lemma zero_and_vector_in_core_nonpos_additive_game:
  assumes "a \<bullet> char_vec UNIV = 0"
  shows "0 \<in> core (nonpos_additive_game a)" "a \<in> core (nonpos_additive_game a)"
  using assms by (auto simp: core_iff_inner nonpos_additive_game_def)

lemma span_char_vec_eq_UNIV_if_cores_singleton:
  assumes B: "\<forall>B\<in>Cs. minimal_balanced B" and "B0 \<in> Cs"
    and unique: "\<forall>v \<in> (\<Inter>B\<in>Cs. facet B). \<exists>x. core v = {x}"
  shows "span (char_vec ` \<Union>Cs) = UNIV"
proof (rule ccontr)
  assume "span (char_vec ` \<Union>Cs) \<noteq> UNIV"
  then obtain a where "a \<noteq> 0" and a: "\<forall>z\<in>span (char_vec ` \<Union>Cs). a \<bullet> z = 0"
    using span_not_UNIV_orthogonal by blast
  have "span (char_vec ` B0) \<subseteq> span (char_vec ` \<Union>Cs)"
    using \<open>B0 \<in> Cs\<close> by (intro span_mono) blast
  then have N: "a \<bullet> char_vec UNIV = 0"
    using a char_vec_UNIV_in_span B \<open>B0 \<in> Cs\<close> by blast
  have "a \<bullet> char_vec S = 0" if "S \<in> \<Union>Cs" for S
    using a span_base[of "char_vec S" "char_vec ` \<Union>Cs"] that by simp
  then have "nonpos_additive_game a \<in> facet B" if "B \<in> Cs" for B
    using that by (intro nonpos_additive_game_in_facet[OF N]) blast
  then obtain x where "core (nonpos_additive_game a) = {x}" using unique by blast
  then show False using zero_and_vector_in_core_nonpos_additive_game[OF N] \<open>a \<noteq> 0\<close> by simp
qed

lemma core_singleton_if_span_char_vec_eq_UNIV:
  assumes B: "\<forall>B\<in>Cs. minimal_balanced B" and "B0 \<in> Cs"
    and span: "span (char_vec ` \<Union>Cs) = UNIV" and v: "v \<in> (\<Inter>B\<in>Cs. facet B)"
  shows "\<exists>x. core v = {x}"
proof -
  have "v \<in> BG" using v \<open>B0 \<in> Cs\<close> by (auto simp: facet_def)
  then obtain x where "x \<in> core v" using BG_core_nonempty by blast
  moreover have "y \<bullet> char_vec S = v S" if "y \<in> core v" "S \<in> \<Union>Cs" for y S
  proof -
    obtain B where "B \<in> Cs" "S \<in> B" using \<open>S \<in> \<Union>Cs\<close> by blast
    then have "minimal_balanced B" "v \<in> facet B" using B v by auto
    then show ?thesis using facet_core_tight \<open>y \<in> core v\<close> \<open>S \<in> B\<close> by blast
  qed
  ultimately have "core v = {x}" by (rule core_eq_singleton_if_tight_span[OF _ span])
  then show ?thesis ..
qed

What is required
Tally the lines in the records containing the string "simp"; output only the tally.

Reply to the task
4